The only way to solve this securely is to make a tier between the client and your MySQL database, and make sure that you control this so that it is only possible to make 'legal' changes.
Just write the code accordingly so that the user doesn't have any chance to modify the database? I.e. the code doesn't execute any INSERT or UPDATE and/or controls the access based on a login/role.
I honestly really don't forsee any problems here, or the code must be prone to SQL injection attacks.
Update: The above answer is actually irrelevant since the question is clarified. Turning into Community Wiki.
First off, I realize that there is no such thing as a perfectly secure solution (and even if there were, its usability would be crap).
That said, how do you protect your MySQL database from being compromised by someone downloading your code and picking through it? Based on my experience with PHP, it seems obligatory to store it within the code at some point or another, which sends up flags for me. I can see where refactoring to obfuscate variable, constant, and (user-defined) function names could be beneficial, but in the end it'd still be possible to trace through it and find the file with the DB login information.
Ideas?
Usually the MySQL auth information is stored in an external configuration file. The MySQL user used by the web-based app is given limited permissions such as SELECT, INSERT, UPDATE, DELETE and not given permissions such as ALTER, DROP, DELETE. If you want to release the code to the public you would not include your private config file, but a generic/instructional/minimal config file instead.
Storing the MySQL auth info in an encrypted format is somewhat silly, as you'd need to store the private key / unencryption locally as well.
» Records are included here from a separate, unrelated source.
(* Let $\lambda_1\ge0$ and $\lambda_2>0$. Let $P_n$ be the monic polynomials orthogonal with respect to $\langle f,g\rangle_F=\int_{\mathbb R}fg\,e^{-x^4}dx$, $k_n=\langle P_n,P_n\rangle_F$, and $Q_n$ the monic polynomials orthogonal with respect to $\langle f,g\rangle_S=\int_{\mathbb R}fg\,e^{-x^4}dx+\lambda_1f(0)g(0)+\lambda_2f'(0)g'(0)$, $\widehat k_n=\langle Q_n,Q_n\rangle_S$. Then $Q_0(x)=1$, $Q_1(x)=x$, for all $n\ge1$ $$xP_{2n-1}(x)=Q_{2n}(x)+a_nQ_{2n-2}(x),$$ and for all $n\ge2$ $$x^2P_n(x)=Q_{n+2}(x)+b_nQ_n(x)+\alpha_nQ_{n-2}(x),\qquad x^2Q_n(x)=P_{n+2}(x)+\sigma_nP_n(x)+\delta_nP_{n-2}(x),$$ where $a_n=\dfrac{k_{2n-1}}{\widehat k_{2n-2}}$, $\alpha_n=\dfrac{k_n}{\widehat k_{n-2}}$, $b_n=\dfrac{\langle x^2P_n,Q_n\rangle_S}{\langle Q_n,Q_n\rangle_S}$, $\delta_n=\dfrac{\widehat k_n}{k_{n-2}}$, $\sigma_n=b_n\dfrac{\widehat k_n}{k_n}$.
   Context: All polynomials are real; monic orthogonal polynomials have degree $n$, leading coefficient $1$, and are orthogonal to all polynomials of lower degree in the respective inner product. *)

theory Defs
  imports "HOL-Analysis.Analysis" "HOL-Computational_Algebra.Polynomial"
begin

definition ipF :: "real poly \<Rightarrow> real poly \<Rightarrow> real" where
  "ipF f g = integral\<^sup>L lborel (\<lambda>x. poly f x * poly g x * exp (- (x ^ 4)))"

definition ipS :: "real \<Rightarrow> real \<Rightarrow> real poly \<Rightarrow> real poly \<Rightarrow> real" where
  "ipS l1 l2 f g = ipF f g + l1 * poly f 0 * poly g 0
                   + l2 * poly (pderiv f) 0 * poly (pderiv g) 0"
(* Let $\{\mathbf Z_i(n), i\in\mathbb N\}$ be a critical GWBP/$\infty$ with mean matrix $\mathbf M\in\mathcal M_1^0$ and $\mathbf F(\mathbf s)\neq\mathbf M\mathbf s$. For each $i$ define $\epsilon_{1,i}(\mathbf Q(n;\mathbf s))$ by $$\sum_{j\in\mathbb N}Q_j(n;\mathbf s)\,N_{ij}\big(\mathbf F(n;\mathbf s)\big)=M_i\,\epsilon_{1,i}(\mathbf Q(n;\mathbf s)).$$ Then $$\lim_{n\to\infty}\sup_{\mathbf s\in\mathbf S,\ i\in\mathbb N}\frac{|\epsilon_{1,i}(\mathbf Q(n;\mathbf s))|}{\mathcal Q(n;\mathbf s)}=0.$$
   Context: A GWBP/$\infty$ has types $\mathbb N=\{1,2,\dots\}$. Each particle lives one unit of time; a type-$i$ particle produces, independently of everything else, a random vector $\mathbf Z_i=(Z_{ij})_{j\in\mathbb N}$ of children, with $Z_i:=\sum_jZ_{ij}<\infty$ a.s. $\mathbf Z_i(n)=(Z_{ij}(n))_j$ is the generation-$n$ population from one type-$i$ particle. For $\mathbf s\in[0,1]^{\mathbb N}$: $F_i(n;\mathbf s)=\mathbb E\prod_js_j^{Z_{ij}(n)}$, $F_i(\mathbf s)=F_i(1;\mathbf s)$, $\mathbf F(n;\mathbf s)=(F_i(n;\mathbf s))_i$, $Q_i(n;\mathbf s)=1-F_i(n;\mathbf s)$, $\mathbf Q(n;\mathbf s)=(Q_i(n;\mathbf s))_i$, $\mathcal Q(n;\mathbf s)=\sup_iQ_i(n;\mathbf s)$, $N_{ij}(\mathbf s)=\mathbb E\big[\sum_{k=0}^{Z_{ij}-1}s_j^k\big(1-\prod_{l=j+1}^\infty s_l^{Z_{il}}\big)\big]$. $\mathbf S=\{\mathbf s\in[0,1]^{\mathbb N}:\mathbf s\neq\mathbf 1\}$. "$\mathbf F(\mathbf s)\neq\mathbf M\mathbf s$" means it is not true that $F_i(\mathbf s)=\sum_jM_{ij}s_j$ for all $i,\mathbf s$. Mean matrix $\mathbf M=(M_{ij})$, $M_{ij}=\mathbb EZ_{ij}$, $M^{(n)}_{ij}=\mathbb EZ_{ij}(n)$, $M_i=\sum_jM_{ij}=\mathbb EZ_i$. Irreducible: for all $i,j$ some $M^{(n)}_{ij}>0$; aperiodic: gcd of such $n$ is 1; then $\lim_n(M^{(n)}_{ij})^{1/n}=1/R$ for a common $R$; critical: $R=1$. $\mathbf M\in\mathcal M_1$ means: (i) irreducible, aperiodic, $R=1$, 1-recurrent ($\sum_nM^{(n)}_{ij}=\infty$) and 1-positive ($\lim_nM^{(n)}_{ij}>0$ for all $i,j$); then there are positive eigenvectors $\mathbf v\mathbf M=\mathbf v$, $\mathbf M\mathbf u^T=\mathbf u^T$, unique up to positive multiples, normalized with $\sum_jv_ju_j=1$; (ii) $\sum_jv_j=1$ and $U:=\sup_iu_i<\infty$; (iii) $\lim_{N\to\infty}\sup_iM_i^{-1}\sum_{j>N}M_{ij}=0$ and $\lim_{K\to\infty}\sup_iM_i^{-1}\mathbb E[Z_i;Z_i>K]=0$. $\mathbf M\in\mathcal M_1^0$: $\mathbf M\in\mathcal M_1$ and (iv) there exist $m\in\mathbb N$, $c,C>0$ with $M_{ij}<Cu_iv_j$ and $M^{(m)}_{1j}>cv_j$ for all $i,j$. *)

theory Defs
  imports "HOL-Probability.Probability"
begin
definition fd_subspace :: "('k::field \<Rightarrow> 'l::division_ring) \<Rightarrow> 'l set \<Rightarrow> bool" where
  "fd_subspace \<phi> V \<longleftrightarrow> module.subspace (kscale \<phi>) V \<and> (\<exists>B. finite B \<and> V = kspan \<phi> B)"

definition setmul :: "'l::times set \<Rightarrow> 'l set \<Rightarrow> 'l set" where
  "setmul S T = {s * t | s t. s \<in> S \<and> t \<in> T}"

text \<open>X_*^{-1} = {x^{-1} | x in X, x ~= 0}.\<close>
definition invs :: "'l::division_ring set \<Rightarrow> 'l set" where
  "invs X = inverse ` (X - {0})"

end

theory Submission
  imports Defs
begin

(*
  Call a pair (E, F) of
  nonzero finite-dimensional subspaces admissible if <E F> is contained in <A B> and
  dim E + dim F >= dim A + dim B; the pair (A, B) itself is admissible.  For nonzero
  e in E and f in F the spaces E f and e F lie in <A B>, so admissible pairs have
  bounded dimensions and there is an admissible pair maximising dim E + dim F and,
  secondarily, dim E.  For such a pair and 0 <> g in D we compare (E, F) with
  (E + E g, F \<inter> g^-1 F) and (E \<inter> E g, F + g^-1 F): their product sets stay inside
  <E F>, and by Grassmann's inequality their total dimensions add up to at least
  2 (dim E + dim F).  Maximality then forces E g <= E and g F <= F, and as 1 is in D
  this gives E D = E and D F = F.
*)

definition fin_subspace :: "('a::field \<Rightarrow> 'b::ab_group_add \<Rightarrow> 'b) \<Rightarrow> 'b set \<Rightarrow> bool" where
  "fin_subspace s U \<longleftrightarrow> module.subspace s U \<and> (\<exists>B. finite B \<and> U = module.span s B)"

context vector_space
begin

lemma fin_subspace_basis:
  fixes U :: "'b set"
  assumes "fin_subspace scale U"
  obtains B where "finite B" "B \<subseteq> U" "independent B" "span B = U" "card B = dim U"
proof -
  from assms obtain T where T: "finite T" "U = span T" and sU: "subspace U"
    unfolding fin_subspace_def by auto
  obtain B where B: "B \<subseteq> U" "independent B" "U \<subseteq> span B" "card B = dim U"
    by (rule basis_exists)
  have "finite B" using independent_span_bound[OF T(1) B(2)] B(1) T(2) by auto
  moreover have "span B = U" using B span_minimal[OF B(1) sU] by auto
  ultimately show ?thesis using that B by auto
qed

lemma nonzero_element:
  fixes U :: "'b set"
  assumes "fin_subspace scale U" "U \<noteq> {0}"
  obtains u where "u \<in> U" "u \<noteq> 0"
  using assms subspace_0 unfolding fin_subspace_def by blast

lemma fin_subspace_independent_bound:
  assumes "fin_subspace scale W" "independent S" "S \<subseteq> W"
  shows "finite S" "card S \<le> dim W"
proof -
  obtain C where "finite C" "span C = W" "card C = dim W"
    using fin_subspace_basis[OF assms(1)] by metis
  then show "finite S" "card S \<le> dim W"
    using independent_span_bound[OF _ assms(2), of C] assms(3) by auto
qed

lemma fin_subspace_subspace:
  assumes "fin_subspace scale W" "subspace U" "U \<subseteq> W"
  shows "fin_subspace scale U"
proof -
  obtain B where B: "B \<subseteq> U" "independent B" "U \<subseteq> span B"
    by (rule basis_exists)
  have "finite B" using fin_subspace_independent_bound[OF assms(1) B(2)] B(1) assms(3) by auto
  moreover have "span B = U" using B span_minimal[OF B(1) assms(2)] by auto
  ultimately show ?thesis unfolding fin_subspace_def using assms(2) by auto
qed

lemma fin_subspace_dim_le:
  assumes "fin_subspace scale W" "U \<subseteq> W"
  shows "dim U \<le> dim W"
proof -
  obtain C where "finite C" "span C = W" "card C = dim W"
    using fin_subspace_basis[OF assms(1)] by metis
  then show ?thesis using dim_le_card[of U C] assms(2) by auto
qed

lemma fin_subspace_eq_if_dim_le:
  assumes "fin_subspace scale W" "subspace U" "U \<subseteq> W" "dim W \<le> dim U"
  shows "U = W"
proof (rule ccontr)
  assume "U \<noteq> W"
  then obtain w where w: "w \<in> W" "w \<notin> U" using assms(3) by auto
  obtain B where B: "finite B" "B \<subseteq> U" "independent B" "span B = U" "card B = dim U"
    using fin_subspace_basis[OF fin_subspace_subspace[OF assms(1-3)]] by blast
  have "w \<notin> B" using B(2) w(2) by auto
  have "independent (insert w B)" using B w by (simp add: independent_insert)
  then have "card (insert w B) \<le> dim W"
    using fin_subspace_independent_bound[OF assms(1)] B(2) w(1) assms(3) by auto
  with \<open>w \<notin> B\<close> B(1,5) assms(4) show False by simp
qed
If it is trivial for an unauthenticated user to view the code or configuration files on your server the problem isn't the code - it's your server setup & config.
Security can be assisted by storing any hard-coded information (in config files or scripts) outside of the web-root, and by suppressing (on the production code) error messages. That way, hopefully, your users won't see that userValidate() expects exactly three paramaters.
pygorex1 is correct, you should use external configuration files where "external" means a file outside the web root. So even if there would be a configuration error in your web server which would allow the user to see your source code, they would not be able to see the database credentials since they cannot be accessed directly via the browser.
pygorex1 is also right on the user permissions. Limiting the mysql user's access to a minimum is always preferred. Even if a hacker would get the your mysql password and username, he would not be able to do significant damage if the user permissions are only limited to eg SELECT-queries. One thing he forgot to mention was that the mysql user should only be allowed to log in from localhost (or from whatever host the web application is on), never use wildcards in the allowed hosts.